» WHAT IS BEING ASKED: Among the records below, find the line that has "A x \<longleftrightarrow>"; from there, give the lines again exactly, and stop after the line that has "set \<Rightarrow> 'q set".

═══

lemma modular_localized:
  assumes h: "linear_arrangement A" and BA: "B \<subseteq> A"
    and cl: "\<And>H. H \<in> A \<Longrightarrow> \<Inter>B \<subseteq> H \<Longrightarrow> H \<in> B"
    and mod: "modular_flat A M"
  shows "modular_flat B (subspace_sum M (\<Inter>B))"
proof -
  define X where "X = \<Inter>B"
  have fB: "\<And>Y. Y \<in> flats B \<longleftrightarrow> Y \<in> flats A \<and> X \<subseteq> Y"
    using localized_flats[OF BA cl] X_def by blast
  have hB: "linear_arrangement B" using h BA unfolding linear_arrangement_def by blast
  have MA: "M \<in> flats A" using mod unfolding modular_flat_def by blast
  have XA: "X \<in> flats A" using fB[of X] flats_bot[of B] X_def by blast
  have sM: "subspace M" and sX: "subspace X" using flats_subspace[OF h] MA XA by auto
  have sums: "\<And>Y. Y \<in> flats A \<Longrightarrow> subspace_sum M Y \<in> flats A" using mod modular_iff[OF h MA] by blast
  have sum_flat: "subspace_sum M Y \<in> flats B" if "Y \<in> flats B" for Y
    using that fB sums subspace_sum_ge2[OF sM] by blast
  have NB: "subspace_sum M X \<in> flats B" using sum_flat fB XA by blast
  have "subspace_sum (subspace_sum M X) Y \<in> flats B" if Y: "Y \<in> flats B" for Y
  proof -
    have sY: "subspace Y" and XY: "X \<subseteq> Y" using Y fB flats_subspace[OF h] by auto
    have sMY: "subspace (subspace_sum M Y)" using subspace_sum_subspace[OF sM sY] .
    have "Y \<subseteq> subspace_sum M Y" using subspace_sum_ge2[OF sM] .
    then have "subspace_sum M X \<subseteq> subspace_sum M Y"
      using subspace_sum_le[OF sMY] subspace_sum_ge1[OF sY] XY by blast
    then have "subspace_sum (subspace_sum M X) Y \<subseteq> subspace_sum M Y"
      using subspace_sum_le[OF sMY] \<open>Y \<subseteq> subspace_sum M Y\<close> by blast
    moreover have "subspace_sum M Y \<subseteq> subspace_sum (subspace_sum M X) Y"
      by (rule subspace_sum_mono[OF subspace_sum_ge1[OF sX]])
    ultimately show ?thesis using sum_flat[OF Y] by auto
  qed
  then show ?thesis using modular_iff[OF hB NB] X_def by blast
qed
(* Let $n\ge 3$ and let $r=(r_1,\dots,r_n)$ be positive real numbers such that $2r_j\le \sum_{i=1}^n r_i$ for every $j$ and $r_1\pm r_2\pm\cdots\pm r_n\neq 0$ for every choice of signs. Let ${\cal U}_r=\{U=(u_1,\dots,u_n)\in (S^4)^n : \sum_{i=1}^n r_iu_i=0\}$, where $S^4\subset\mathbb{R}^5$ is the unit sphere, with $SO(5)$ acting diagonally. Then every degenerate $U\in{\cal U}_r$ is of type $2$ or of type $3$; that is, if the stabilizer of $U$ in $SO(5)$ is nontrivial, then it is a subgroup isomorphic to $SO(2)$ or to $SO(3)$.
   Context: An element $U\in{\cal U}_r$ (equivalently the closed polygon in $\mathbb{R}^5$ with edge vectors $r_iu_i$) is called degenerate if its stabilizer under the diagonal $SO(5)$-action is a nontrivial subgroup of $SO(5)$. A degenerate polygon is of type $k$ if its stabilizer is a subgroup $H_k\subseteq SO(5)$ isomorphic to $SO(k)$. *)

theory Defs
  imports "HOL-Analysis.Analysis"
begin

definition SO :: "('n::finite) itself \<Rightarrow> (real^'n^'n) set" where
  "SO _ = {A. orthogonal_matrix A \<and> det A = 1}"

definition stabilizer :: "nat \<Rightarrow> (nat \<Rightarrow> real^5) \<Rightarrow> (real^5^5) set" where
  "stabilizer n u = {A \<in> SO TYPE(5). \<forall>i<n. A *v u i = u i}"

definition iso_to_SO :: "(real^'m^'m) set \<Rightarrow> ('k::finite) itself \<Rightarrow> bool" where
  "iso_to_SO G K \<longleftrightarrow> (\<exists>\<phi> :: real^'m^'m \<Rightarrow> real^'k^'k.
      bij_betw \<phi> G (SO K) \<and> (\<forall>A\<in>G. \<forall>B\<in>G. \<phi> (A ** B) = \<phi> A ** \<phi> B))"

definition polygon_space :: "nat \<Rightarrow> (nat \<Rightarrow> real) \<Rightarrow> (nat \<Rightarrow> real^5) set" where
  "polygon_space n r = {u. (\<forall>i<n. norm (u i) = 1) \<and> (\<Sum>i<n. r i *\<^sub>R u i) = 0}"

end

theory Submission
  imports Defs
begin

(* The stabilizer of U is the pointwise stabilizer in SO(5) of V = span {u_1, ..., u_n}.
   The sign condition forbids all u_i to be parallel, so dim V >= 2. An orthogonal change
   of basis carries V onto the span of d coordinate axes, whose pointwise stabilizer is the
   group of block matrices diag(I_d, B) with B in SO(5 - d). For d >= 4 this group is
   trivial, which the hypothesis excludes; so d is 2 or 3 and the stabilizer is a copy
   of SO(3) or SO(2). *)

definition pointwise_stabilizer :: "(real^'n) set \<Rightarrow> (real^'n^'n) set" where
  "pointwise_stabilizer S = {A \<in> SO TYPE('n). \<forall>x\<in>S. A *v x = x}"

═══

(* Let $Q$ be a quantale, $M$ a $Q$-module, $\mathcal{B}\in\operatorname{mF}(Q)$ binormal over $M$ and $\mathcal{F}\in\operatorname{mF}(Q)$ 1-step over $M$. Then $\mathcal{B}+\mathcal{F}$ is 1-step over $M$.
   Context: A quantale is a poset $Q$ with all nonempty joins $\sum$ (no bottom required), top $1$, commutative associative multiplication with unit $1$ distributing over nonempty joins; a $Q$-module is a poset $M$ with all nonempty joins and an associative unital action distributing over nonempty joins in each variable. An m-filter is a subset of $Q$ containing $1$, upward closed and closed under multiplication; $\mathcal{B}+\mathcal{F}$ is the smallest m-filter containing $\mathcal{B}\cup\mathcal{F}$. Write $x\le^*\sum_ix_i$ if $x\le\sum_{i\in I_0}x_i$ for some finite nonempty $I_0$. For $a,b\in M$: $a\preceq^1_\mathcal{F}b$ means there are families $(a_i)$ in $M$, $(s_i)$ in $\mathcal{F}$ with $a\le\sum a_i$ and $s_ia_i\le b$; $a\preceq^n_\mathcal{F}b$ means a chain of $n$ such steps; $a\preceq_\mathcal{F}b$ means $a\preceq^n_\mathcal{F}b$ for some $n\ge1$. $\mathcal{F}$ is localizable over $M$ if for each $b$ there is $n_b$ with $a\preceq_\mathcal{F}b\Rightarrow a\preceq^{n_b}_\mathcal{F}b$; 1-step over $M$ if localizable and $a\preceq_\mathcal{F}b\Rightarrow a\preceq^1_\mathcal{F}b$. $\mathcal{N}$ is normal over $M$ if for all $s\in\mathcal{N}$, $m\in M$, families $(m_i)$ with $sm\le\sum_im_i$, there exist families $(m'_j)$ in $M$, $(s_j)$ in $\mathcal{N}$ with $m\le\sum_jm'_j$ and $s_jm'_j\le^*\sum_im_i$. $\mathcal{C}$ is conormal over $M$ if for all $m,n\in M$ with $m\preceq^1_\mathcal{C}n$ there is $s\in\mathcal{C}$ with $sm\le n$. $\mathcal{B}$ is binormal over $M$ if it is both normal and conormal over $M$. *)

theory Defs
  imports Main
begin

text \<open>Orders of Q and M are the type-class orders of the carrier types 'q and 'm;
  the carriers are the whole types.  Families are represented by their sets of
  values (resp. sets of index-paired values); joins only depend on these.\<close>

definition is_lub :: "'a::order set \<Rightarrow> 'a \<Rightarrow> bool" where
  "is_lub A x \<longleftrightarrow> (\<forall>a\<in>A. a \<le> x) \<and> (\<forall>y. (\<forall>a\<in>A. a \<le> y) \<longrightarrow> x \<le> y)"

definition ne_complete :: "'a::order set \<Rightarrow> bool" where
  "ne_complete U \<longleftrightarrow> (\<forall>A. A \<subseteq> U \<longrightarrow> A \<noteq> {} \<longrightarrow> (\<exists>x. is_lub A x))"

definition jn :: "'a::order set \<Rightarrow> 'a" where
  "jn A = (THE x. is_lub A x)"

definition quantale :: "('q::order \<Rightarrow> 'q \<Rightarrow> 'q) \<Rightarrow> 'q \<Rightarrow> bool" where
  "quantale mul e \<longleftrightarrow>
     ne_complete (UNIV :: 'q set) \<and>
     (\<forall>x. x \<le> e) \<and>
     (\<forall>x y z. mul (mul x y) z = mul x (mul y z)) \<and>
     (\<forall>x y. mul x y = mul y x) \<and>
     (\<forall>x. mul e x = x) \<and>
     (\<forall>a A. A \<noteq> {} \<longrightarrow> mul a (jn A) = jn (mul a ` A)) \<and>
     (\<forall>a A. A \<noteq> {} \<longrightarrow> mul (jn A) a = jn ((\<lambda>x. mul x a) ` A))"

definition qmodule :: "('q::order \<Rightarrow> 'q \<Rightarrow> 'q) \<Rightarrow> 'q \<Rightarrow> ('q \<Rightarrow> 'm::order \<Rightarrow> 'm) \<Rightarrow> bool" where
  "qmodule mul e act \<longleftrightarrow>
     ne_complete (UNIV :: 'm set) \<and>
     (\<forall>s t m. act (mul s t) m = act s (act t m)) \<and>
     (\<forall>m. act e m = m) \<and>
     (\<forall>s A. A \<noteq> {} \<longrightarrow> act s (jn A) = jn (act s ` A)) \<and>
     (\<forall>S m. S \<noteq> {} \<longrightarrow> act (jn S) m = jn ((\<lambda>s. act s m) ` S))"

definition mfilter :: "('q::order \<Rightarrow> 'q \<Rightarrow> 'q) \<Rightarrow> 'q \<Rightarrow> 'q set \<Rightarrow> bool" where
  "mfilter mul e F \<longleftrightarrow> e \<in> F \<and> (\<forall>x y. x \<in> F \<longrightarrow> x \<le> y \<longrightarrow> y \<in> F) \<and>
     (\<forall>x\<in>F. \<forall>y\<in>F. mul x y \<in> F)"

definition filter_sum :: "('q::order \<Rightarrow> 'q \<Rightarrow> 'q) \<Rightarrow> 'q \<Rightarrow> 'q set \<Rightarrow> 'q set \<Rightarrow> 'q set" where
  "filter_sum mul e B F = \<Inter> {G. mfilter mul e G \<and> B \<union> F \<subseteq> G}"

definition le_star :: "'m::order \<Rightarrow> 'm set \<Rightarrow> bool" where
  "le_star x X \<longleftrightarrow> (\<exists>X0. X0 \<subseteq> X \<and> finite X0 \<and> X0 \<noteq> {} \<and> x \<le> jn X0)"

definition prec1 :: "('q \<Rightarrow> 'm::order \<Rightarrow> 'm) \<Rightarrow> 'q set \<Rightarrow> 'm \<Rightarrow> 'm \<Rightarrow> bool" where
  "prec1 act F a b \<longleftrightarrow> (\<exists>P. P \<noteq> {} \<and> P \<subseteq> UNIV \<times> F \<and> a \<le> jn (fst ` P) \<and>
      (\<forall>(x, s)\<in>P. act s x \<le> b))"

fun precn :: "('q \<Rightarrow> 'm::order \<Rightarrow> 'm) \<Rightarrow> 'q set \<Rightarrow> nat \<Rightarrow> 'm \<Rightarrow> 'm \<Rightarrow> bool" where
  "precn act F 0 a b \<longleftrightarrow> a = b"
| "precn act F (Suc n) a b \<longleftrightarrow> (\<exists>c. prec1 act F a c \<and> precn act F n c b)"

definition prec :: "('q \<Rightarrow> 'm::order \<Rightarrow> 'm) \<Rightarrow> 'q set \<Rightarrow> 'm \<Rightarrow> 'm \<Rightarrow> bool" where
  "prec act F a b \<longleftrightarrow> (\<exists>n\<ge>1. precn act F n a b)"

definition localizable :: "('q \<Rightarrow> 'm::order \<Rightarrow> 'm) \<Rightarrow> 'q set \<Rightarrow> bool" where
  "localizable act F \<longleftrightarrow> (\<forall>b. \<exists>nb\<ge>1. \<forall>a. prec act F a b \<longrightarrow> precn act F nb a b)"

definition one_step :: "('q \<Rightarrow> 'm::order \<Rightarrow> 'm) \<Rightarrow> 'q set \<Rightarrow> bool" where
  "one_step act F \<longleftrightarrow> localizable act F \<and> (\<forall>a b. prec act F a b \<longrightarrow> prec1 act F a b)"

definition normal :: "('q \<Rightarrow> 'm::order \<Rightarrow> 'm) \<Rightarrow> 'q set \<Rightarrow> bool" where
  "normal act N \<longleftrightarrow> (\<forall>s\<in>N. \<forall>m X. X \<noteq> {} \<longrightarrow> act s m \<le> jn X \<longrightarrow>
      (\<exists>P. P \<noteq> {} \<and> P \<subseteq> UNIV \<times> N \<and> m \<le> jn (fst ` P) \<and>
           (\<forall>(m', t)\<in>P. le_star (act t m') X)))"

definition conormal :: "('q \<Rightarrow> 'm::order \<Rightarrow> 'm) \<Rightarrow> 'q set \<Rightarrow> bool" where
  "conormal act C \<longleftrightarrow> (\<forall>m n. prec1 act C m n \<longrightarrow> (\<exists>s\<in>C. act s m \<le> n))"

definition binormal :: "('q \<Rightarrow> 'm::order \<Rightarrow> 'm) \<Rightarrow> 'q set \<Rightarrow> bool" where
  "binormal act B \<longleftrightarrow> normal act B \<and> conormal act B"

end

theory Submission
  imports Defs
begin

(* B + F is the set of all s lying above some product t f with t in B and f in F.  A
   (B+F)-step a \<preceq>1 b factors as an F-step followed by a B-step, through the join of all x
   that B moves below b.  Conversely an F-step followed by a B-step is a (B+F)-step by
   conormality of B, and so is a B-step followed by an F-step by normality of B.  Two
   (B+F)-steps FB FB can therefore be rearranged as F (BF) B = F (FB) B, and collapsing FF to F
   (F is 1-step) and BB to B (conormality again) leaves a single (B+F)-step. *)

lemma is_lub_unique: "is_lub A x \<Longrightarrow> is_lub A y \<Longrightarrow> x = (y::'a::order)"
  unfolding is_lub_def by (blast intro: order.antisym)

═══

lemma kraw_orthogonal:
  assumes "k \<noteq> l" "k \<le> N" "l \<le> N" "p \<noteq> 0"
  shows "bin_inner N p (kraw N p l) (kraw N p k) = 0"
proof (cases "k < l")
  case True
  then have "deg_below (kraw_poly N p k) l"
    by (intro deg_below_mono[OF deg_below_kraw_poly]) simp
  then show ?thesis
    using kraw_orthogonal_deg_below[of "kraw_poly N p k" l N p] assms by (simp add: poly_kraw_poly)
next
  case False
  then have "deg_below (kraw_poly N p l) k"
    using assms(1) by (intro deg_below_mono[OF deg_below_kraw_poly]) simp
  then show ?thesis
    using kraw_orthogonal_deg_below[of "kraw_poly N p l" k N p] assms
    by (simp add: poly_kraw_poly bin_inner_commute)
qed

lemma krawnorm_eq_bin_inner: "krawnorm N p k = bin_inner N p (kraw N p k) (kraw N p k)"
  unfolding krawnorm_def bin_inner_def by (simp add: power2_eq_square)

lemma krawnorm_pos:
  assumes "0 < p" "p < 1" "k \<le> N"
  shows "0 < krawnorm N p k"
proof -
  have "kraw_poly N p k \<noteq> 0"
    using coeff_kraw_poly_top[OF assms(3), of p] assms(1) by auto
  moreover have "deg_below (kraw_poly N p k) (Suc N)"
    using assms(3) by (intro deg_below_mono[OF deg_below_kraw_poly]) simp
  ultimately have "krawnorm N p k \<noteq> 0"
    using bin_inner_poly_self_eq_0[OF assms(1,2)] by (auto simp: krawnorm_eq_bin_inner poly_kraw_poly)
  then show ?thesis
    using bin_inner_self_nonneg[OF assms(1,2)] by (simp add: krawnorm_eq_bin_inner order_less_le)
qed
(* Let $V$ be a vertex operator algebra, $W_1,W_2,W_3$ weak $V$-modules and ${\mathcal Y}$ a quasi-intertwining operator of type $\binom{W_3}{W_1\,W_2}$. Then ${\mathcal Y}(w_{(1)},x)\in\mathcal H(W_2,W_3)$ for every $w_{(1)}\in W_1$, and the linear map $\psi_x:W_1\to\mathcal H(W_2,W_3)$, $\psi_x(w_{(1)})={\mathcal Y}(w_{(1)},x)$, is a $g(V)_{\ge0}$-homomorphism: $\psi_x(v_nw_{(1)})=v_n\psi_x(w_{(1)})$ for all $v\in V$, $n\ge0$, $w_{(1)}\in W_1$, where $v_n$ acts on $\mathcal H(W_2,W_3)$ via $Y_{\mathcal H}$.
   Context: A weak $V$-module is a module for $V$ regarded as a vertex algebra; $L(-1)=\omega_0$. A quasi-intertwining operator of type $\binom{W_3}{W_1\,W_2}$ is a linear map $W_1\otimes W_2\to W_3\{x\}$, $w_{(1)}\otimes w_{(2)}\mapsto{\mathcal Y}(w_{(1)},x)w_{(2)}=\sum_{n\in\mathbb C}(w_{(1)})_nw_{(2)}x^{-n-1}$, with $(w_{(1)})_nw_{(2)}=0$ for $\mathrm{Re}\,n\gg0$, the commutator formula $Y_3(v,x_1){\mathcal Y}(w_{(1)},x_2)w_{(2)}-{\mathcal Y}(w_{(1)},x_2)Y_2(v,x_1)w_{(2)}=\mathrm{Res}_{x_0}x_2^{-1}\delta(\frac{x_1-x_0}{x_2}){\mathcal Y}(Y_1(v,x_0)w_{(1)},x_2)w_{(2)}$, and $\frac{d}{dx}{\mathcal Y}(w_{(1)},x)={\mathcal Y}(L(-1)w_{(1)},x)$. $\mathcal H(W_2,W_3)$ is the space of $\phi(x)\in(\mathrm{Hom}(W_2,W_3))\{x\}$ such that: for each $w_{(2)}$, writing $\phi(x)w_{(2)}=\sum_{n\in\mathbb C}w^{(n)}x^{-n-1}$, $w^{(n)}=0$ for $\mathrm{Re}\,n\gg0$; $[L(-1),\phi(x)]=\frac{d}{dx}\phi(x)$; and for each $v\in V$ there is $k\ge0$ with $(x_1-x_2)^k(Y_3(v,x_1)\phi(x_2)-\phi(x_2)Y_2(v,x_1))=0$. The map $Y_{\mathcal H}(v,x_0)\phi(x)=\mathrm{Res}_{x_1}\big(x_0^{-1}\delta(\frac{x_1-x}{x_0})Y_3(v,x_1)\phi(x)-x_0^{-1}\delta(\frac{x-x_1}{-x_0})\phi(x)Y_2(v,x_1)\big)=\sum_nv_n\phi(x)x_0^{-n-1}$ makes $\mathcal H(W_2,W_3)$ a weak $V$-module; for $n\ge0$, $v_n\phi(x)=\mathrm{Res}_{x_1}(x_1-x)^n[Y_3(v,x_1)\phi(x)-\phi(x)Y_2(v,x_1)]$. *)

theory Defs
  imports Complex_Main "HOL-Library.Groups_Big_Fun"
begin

═══

» YOUR SOLUTION:
  "is_lub A x \<longleftrightarrow> (\<forall>a\<in>A. a \<le> x) \<and> (\<forall>y. (\<forall>a\<in>A. a \<le> y) \<longrightarrow> x \<le> y)"

definition ne_complete :: "'a::order set \<Rightarrow> bool" where
  "ne_complete U \<longleftrightarrow> (\<forall>A. A \<subseteq> U \<longrightarrow> A \<noteq> {} \<longrightarrow> (\<exists>x. is_lub A x))"

definition jn :: "'a::order set \<Rightarrow> 'a" where
  "jn A = (THE x. is_lub A x)"

definition quantale :: "('q::order \<Rightarrow> 'q \<Rightarrow> 'q) \<Rightarrow> 'q \<Rightarrow> bool" where
  "quantale mul e \<longleftrightarrow>
     ne_complete (UNIV :: 'q set) \<and>
     (\<forall>x. x \<le> e) \<and>
     (\<forall>x y z. mul (mul x y) z = mul x (mul y z)) \<and>
     (\<forall>x y. mul x y = mul y x) \<and>
     (\<forall>x. mul e x = x) \<and>
     (\<forall>a A. A \<noteq> {} \<longrightarrow> mul a (jn A) = jn (mul a ` A)) \<and>
     (\<forall>a A. A \<noteq> {} \<longrightarrow> mul (jn A) a = jn ((\<lambda>x. mul x a) ` A))"

definition qmodule :: "('q::order \<Rightarrow> 'q \<Rightarrow> 'q) \<Rightarrow> 'q \<Rightarrow> ('q \<Rightarrow> 'm::order \<Rightarrow> 'm) \<Rightarrow> bool" where
  "qmodule mul e act \<longleftrightarrow>
     ne_complete (UNIV :: 'm set) \<and>
     (\<forall>s t m. act (mul s t) m = act s (act t m)) \<and>
     (\<forall>m. act e m = m) \<and>
     (\<forall>s A. A \<noteq> {} \<longrightarrow> act s (jn A) = jn (act s ` A)) \<and>
     (\<forall>S m. S \<noteq> {} \<longrightarrow> act (jn S) m = jn ((\<lambda>s. act s m) ` S))"

definition mfilter :: "('q::order \<Rightarrow> 'q \<Rightarrow> 'q) \<Rightarrow> 'q \<Rightarrow> 'q set \<Rightarrow> bool" where
  "mfilter mul e F \<longleftrightarrow> e \<in> F \<and> (\<forall>x y. x \<in> F \<longrightarrow> x \<le> y \<longrightarrow> y \<in> F) \<and>
     (\<forall>x\<in>F. \<forall>y\<in>F. mul x y \<in> F)"

definition filter_sum :: "('q::order \<Rightarrow> 'q \<Rightarrow> 'q) \<Rightarrow> 'q \<Rightarrow> 'q set \<Rightarrow> 'q set \<Rightarrow> 'q set" where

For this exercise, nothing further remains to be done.